Monday, March 12, 2012

W10- Synthesis

The article entitled "Engineering Food for All" written by Nina Fedoroff was interesting and covered many of the same topics discussed in Food Inc. and The Omnivore's Dilemma. Obviously, all three were about the food industry, but they all focused in on the topic of genetically modified food and how farmers and companies were growing and producing food.

However, the article differed a little from the documentary and the book in that it pointed out positive about the food industry now, whereas the other two, especially Food Inc., did not shine any sort of positive light on the way companies went about getting corn. The article explained why food production is done the way it is, the cheaper the better and the higher crop per acre the better. She also debunked the theory that the modified crops are in any way worse for us than natural crops, in fact, she said that there are 90% less harmful modified crops than natural crops. Food Inc. never mentioned that at all, it just focused in on Monsanto as the bad guy and acted as if nothing that company did was a good thing. However, The Omnivore's Dilemma  did mention a lot of the same type of stuff as this article, especially when Pollan was at the corn farm in Iowa. He mentioned that most of the farmer's neighbors were using modified seed and getting more crops, but less quality. The problem with that is the food industry isn't necessarily looking for quality, rather they are looking for quantity over quality.

All three of these mention that farming is not a lucrative business. Food Inc. has many testimonials about the way farmers are struggling to survive, the corn farmer is Pollan's book talks about his neighbors all being in debt and that his wife actually keeps the family afloat.

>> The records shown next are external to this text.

(* Let $\nu$ be a fixed order, let $f\in C^{\infty}[a,b]$ where either $b>a>0$ or $a<b<0$, and let $\mathcal{H}_{\nu}[f]=\int_a^b f(x)J_{\nu}(\omega x)\,dx$ for $\omega>0$. Define $\sigma_0[f](x)=f(x)$ and $\sigma_k[f](x)=x^{\nu+k}\frac{d}{dx}\left[\frac{\sigma_{k-1}[f](x)}{x^{\nu+k}}\right]$ for $k\ge1$. Then, as $\omega\to\infty$, $$\mathcal{H}_{\nu}[f]\sim-\sum_{k=1}^{\infty}\frac{1}{(-\omega)^k}\Big\{\sigma_{k-1}[f](b)J_{\nu+k}(\omega b)-\sigma_{k-1}[f](a)J_{\nu+k}(\omega a)\Big\}.$$
   Context: $J_\nu$ is the Bessel function of the first kind of order $\nu$; $\sim$ denotes an asymptotic expansion as $\omega\to\infty$. *)

theory Defs
  imports "HOL-Analysis.Analysis" "HOL-Library.Landau_Symbols"
begin

text \<open>The reciprocal Gamma function rGamma makes the formula valid for all real orders.\<close>
definition bessel_J :: "real \<Rightarrow> complex \<Rightarrow> complex" where
  "bessel_J \<nu> z = (z / 2) powr (complex_of_real \<nu>) *
     (\<Sum>m. (- ((z / 2) ^ 2)) ^ m / of_nat (fact m) * rGamma (of_nat m + complex_of_real \<nu> + 1))"

definition smooth_on_interval :: "(real \<Rightarrow> real) \<Rightarrow> real \<Rightarrow> real \<Rightarrow> bool" where
  "smooth_on_interval f a b \<longleftrightarrow>
     (\<exists>D. D 0 = f \<and>
        (\<forall>n. \<forall>x\<in>{a..b}. (D n has_real_derivative D (Suc n) x) (at x within {a..b})))"
(* Let $P\subseteq\mathbb{R}^n$ be an $n$-dimensional rational polytope, let $x\in\mathrm{relint}(\mathrm{core}(P))$, and let $F_1,\dots,F_t$ be the facets of $P$ with $d_{F_i}(x)=\mu(P)^{-1}$, with primitive inner normals $a_1,\dots,a_t$. Then $a_1,\dots,a_t$ positively span the linear subspace $K(P)^\perp$. Moreover, if $\mathrm{core}(P)=\{x\}$, then $\{y\in\mathbb{R}^n: d_{F_i}(y)\ge0 \text{ for all } i=1,\dots,t\}$ is a rational polytope containing $P$.
   Context: Write $P$ irredundantly as $P=\{x:\langle a_i,x\rangle\ge b_i\}$ with primitive $a_i\in(\mathbb{Z}^n)^*$, $b_i\in\mathbb{Q}$, each inequality defining a facet $F_i$; $d_{F_i}(x):=\langle a_i,x\rangle-b_i$, $d_P(x):=\min_i d_{F_i}(x)$, $P^{(s)}:=\{x:d_P(x)\ge s\}$. The $\mathbb{Q}$-codegree is $\mu(P):=(\sup\{s>0:P^{(s)}\neq\emptyset\})^{-1}$ and $\mathrm{core}(P):=P^{(1/\mu(P))}$. $K(P)$ is the linear subspace of $\mathbb{R}^n$ parallel to the affine hull of $\mathrm{core}(P)$, and $K(P)^\perp\subseteq(\mathbb{R}^n)^*$ is the set of linear functionals vanishing on $K(P)$. *)

theory Defs
  imports "HOL-Analysis.Analysis"
begin

text \<open>Vectors in R^n are modelled as real^'n; the dual space is identified with
real^'n via the standard inner product, so a functional a acts as a \<bullet> x.\<close>

definition rational_vec :: "real^'n \<Rightarrow> bool" where
  "rational_vec v \<longleftrightarrow> (\<forall>j. v $ j \<in> \<rat>)"

definition integral_vec :: "real^'n \<Rightarrow> bool" where
  "integral_vec v \<longleftrightarrow> (\<forall>j. v $ j \<in> \<int>)"

text \<open>Primitive lattice vector: integral and not a proper positive integer multiple
of another integral vector (gcd of coordinates is 1).\<close>
definition primitive_vec :: "real^'n \<Rightarrow> bool" where
  "primitive_vec v \<longleftrightarrow> integral_vec v \<and>
     (\<forall>k::int. k > 0 \<longrightarrow> integral_vec ((1 / real_of_int k) *\<^sub>R v) \<longrightarrow> k = 1)"

definition rational_polytope :: "(real^'n) set \<Rightarrow> bool" where
  "rational_polytope Q \<longleftrightarrow> (\<exists>V. finite V \<and> (\<forall>v\<in>V. rational_vec v) \<and> Q = convex hull V)"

In this article it says that 90% of farmers are poor. All three think this is a problem because if people can't make money and survive by farming and do something else we'll have to find other ways to produce enough food for what is a growing population.

Overall, all three are very similar in the subject matter and the focal points. However, they do differ in some of the views of what we are doing, why we are doing it, if we need to change and if so what changes we need to make.